Chinese Restaurant Loans: Chinese Restaurant Financing

Source: MerchantLoan

For Chinese restaurants, traditional bank loans are usually the first place to go for financing for anyone looking for lowest fees possible, refinance, lower interest rates and the longest loan terms. These loans are good for Chinese restaurant purchases or refinance and even for those restaurant owners seeking to purchase additional equipment or consolidate existing debt. Some seek these loans for more working capital as well.

Rates5-15% for 12 months
The Terms1-30 years
Financing Amounts$50,000-$5,000,000
CollateralRequired
FeesMedium costs

The Line of Credit Bank Type

Traditional bank lines of credit is a lower rate type of financing which is pre-approved which enables a restaurant owner specializing in Chinese restaurant foods to gain access to funds every time they require it to cover functions within their restaurant. Through a traditional banks business line of credit, you will not be required to to get financing each and every time you want to receive access to funds, alternatively you’ll gain access to the funds as required, once you require it, without the need of looking for additional authorization through your community bank.
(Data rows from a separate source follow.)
lemma dfs_until_Some:
  assumes G: "cgraph_on n G" and F: "F < n"
  obtains ds where "dfs_until G F = Some ds" "dcost ds \<le> 1 + 2 * num_edges n G"
    "\<And>v. found ds = Some v \<Longrightarrow> v < n \<and> branching G v"
proof -
  have step: "dfs_inv n G (dfs_step G s) \<and> dfs_measure n (dfs_step G s) < dfs_measure n s"
    if I: "dfs_inv n G s" and ne: "stk s \<noteq> [] \<and> found s = None" for s
  proof -
    obtain v rest where "stk s = v # rest" using ne by (cases "stk s") auto
    with dfs_step_inv[OF G I] ne show ?thesis by blast
  qed
  have init: "dfs_inv n G \<lparr>stk = [F], vis = {}, dedges = {}, found = None, dcost = 0\<rparr>"
    using F unfolding dfs_inv_def by simp
  obtain ds where run: "dfs_until G F = Some ds" and inv: "dfs_inv n G ds"
    using while_option_Some_invariant[of "dfs_inv n G" "\<lambda>s. stk s \<noteq> [] \<and> found s = None"
      "dfs_step G" "dfs_measure n", OF step init, folded dfs_until_def] by blast
  have "dcost ds \<le> 1 + 2 * num_edges n G"
    using inv sum_card_deps_le_num_edges[of "vis ds" n G] unfolding dfs_inv_def by linarith
  moreover have "\<And>v. found ds = Some v \<Longrightarrow> v < n \<and> branching G v"
    using inv unfolding dfs_inv_def by blast
  ultimately show ?thesis using run that by blast
qed

text \<open>An upper bound on the number of leaves of the collapse tree below G.\<close>
definition num_choices :: "nat \<Rightarrow> cgraph \<Rightarrow> nat" where
  "num_choices n G = (\<Prod>w<n. max 1 (length (G w)))"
Rates6-15%The Terms1-2 years Financing Amounts $10,000-$500,000 Collateral Needed Fees Medium costs

An Unsecured Business Line of Credit

An unsecured line of credit for restaurants that specialize in Chinese food generally will come in as credit cards for the business. For approval, with the business credit card or business line of credit, you will be required to have a good credit rating somewhere around (680 or higher). Your personal credit cards, need to be maintained and not maxed-out to the limit. If your credit is good, then this may be a great option for receiving restaurant working capital.

Rates0% for 12 months
The Terms1-2 years
Financing Amounts$10,000-$500,000
CollateralNot be Required
FeesMedium costs

Chinese Restaurant Loans through the SBA

SBA Chinese restaurant loans are a different type of funding option which will come in through a business line of credit or a term loan with a traditional bank, a community lender or a credit union. An SBA loan is not offered through the SBA on its own, as an alternative these loans are given through the traditional lending provider and the Federal gov’t option, would repay a sizable part of the lender’s loss if for some reason the Chinese food restaurant neglects to pay back the loan.

Rates5-8% for 12 months
The Terms3-25 years
Financing Amounts$50,000-$5,000,000
CollateralRequired
FeesMedium costs

The Chinese Food Restaurant Equipment Leasing

You can find various options for a Chinese restaurant to acquire restaurant equipment financing. Although a lot of Chinese restaurant owners would probably like to pay for the restaurant equipment from their own personal funds, or get an equipment loan, one other option is to rent out your Chinese restaurant equipment. Equipment leasing enables the restaurant owners to acquire equipment fast and never have to repay the entire equipment cost in advance. Once the period of leasing has ended, the owner of the restaurant has a choice to either increase the length of the loans term, or give the equipment back to the leasing company.

Rates8-20% for 12 months
The Terms1-10 years
Financing Amounts$10,000-$5,000,000
CollateralNeeded
FeesMedium costs

Alternate Chinese Restaurant Loans

Non-bank alternate business loans are a means for Chinese food restaurants which may have been struggling to obtain an approval from the bank or receiving financing that is affordable. Also, most alternative business loans call for significantly less paperwork than SBA loans or from traditional banks and can finance in a small percentage of that time-frame often financing inside of one week or sooner.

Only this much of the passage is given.